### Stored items
◆ ◆ ◆ ◆

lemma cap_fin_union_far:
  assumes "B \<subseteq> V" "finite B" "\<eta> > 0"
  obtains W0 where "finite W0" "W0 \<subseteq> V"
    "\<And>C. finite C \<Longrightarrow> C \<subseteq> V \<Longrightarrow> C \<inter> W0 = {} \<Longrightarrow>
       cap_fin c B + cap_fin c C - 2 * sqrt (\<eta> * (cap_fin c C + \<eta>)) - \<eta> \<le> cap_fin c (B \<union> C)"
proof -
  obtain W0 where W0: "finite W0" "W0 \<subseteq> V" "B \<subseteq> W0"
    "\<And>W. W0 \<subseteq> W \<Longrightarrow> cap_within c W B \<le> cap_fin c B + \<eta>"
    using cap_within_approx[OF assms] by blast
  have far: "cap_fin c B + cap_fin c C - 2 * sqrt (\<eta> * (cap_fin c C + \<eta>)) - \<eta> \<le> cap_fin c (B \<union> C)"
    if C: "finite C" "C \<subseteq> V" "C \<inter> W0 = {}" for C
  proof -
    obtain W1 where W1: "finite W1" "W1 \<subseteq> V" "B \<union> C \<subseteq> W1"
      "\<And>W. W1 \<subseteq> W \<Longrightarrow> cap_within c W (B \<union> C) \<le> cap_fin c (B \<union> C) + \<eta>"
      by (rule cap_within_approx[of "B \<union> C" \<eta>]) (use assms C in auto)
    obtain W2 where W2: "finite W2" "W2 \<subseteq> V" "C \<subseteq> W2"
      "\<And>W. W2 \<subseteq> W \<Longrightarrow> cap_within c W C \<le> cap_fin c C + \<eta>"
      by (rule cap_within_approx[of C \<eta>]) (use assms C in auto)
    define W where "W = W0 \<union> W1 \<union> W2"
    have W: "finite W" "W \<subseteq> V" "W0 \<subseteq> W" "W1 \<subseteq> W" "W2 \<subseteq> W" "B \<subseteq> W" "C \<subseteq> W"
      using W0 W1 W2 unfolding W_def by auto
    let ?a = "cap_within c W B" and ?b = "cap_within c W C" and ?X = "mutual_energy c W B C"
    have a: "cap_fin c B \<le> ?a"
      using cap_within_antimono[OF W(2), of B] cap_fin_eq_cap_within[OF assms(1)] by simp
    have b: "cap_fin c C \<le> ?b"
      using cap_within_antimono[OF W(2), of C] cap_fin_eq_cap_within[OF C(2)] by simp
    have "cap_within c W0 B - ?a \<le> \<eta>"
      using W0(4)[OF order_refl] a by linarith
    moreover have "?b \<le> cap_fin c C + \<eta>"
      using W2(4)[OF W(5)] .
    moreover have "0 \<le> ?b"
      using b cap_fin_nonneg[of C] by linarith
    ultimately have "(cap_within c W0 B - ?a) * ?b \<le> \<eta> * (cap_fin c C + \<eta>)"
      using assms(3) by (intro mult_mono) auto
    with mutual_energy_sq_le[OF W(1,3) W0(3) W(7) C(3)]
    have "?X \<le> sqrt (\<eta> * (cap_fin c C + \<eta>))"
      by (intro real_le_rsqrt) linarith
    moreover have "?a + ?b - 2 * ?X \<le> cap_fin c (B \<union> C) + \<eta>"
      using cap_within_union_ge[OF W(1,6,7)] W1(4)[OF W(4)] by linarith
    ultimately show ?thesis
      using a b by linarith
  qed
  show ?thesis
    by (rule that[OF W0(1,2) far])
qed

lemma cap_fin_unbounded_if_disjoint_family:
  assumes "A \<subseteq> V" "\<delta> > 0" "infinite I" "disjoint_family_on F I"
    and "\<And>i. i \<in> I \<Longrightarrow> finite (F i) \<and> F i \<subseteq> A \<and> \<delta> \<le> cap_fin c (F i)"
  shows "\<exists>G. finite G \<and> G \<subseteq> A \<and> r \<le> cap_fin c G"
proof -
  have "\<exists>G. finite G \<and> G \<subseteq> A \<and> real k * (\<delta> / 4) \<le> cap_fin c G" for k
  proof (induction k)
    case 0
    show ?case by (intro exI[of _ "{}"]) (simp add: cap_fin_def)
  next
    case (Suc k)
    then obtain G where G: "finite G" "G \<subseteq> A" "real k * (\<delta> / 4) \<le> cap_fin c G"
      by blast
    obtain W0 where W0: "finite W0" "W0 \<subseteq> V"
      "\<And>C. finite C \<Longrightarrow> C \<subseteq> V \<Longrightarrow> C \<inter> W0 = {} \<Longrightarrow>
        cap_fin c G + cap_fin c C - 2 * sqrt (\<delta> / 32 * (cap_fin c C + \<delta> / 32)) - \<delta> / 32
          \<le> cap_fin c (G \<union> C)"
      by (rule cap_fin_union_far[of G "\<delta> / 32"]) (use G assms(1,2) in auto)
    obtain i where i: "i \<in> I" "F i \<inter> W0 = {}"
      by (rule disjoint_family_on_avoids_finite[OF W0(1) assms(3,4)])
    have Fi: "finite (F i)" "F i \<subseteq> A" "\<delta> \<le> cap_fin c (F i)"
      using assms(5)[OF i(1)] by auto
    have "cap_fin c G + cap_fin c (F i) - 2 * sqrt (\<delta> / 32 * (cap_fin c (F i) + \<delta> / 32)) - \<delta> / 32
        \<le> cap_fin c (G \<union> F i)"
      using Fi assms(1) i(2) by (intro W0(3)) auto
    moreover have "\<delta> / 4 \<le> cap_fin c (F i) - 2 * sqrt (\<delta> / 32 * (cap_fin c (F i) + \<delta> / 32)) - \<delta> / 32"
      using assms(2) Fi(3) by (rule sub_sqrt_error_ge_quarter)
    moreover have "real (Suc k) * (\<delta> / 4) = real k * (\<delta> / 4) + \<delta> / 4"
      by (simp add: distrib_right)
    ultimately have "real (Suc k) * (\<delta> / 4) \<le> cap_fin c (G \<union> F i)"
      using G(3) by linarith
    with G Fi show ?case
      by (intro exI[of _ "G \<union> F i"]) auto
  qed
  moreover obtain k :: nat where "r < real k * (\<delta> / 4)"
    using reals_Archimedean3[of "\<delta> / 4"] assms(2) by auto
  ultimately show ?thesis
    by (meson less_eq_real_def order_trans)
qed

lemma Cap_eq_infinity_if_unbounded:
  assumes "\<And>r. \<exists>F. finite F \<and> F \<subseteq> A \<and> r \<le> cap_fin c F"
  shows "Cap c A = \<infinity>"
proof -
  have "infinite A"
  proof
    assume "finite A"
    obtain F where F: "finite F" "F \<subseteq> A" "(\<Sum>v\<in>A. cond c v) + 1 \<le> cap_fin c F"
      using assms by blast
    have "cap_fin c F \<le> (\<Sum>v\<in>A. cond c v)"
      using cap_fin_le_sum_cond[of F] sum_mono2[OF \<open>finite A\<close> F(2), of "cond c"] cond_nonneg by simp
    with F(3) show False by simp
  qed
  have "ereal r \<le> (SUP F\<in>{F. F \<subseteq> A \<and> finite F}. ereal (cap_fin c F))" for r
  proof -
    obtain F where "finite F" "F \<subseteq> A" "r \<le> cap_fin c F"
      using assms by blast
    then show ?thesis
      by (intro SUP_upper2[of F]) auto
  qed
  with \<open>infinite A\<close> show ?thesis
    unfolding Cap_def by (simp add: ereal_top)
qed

◆ ◆ ◆ ◆

State the number of lines in the records that include "assumes", and write nothing else.

### Solution for this exercise
3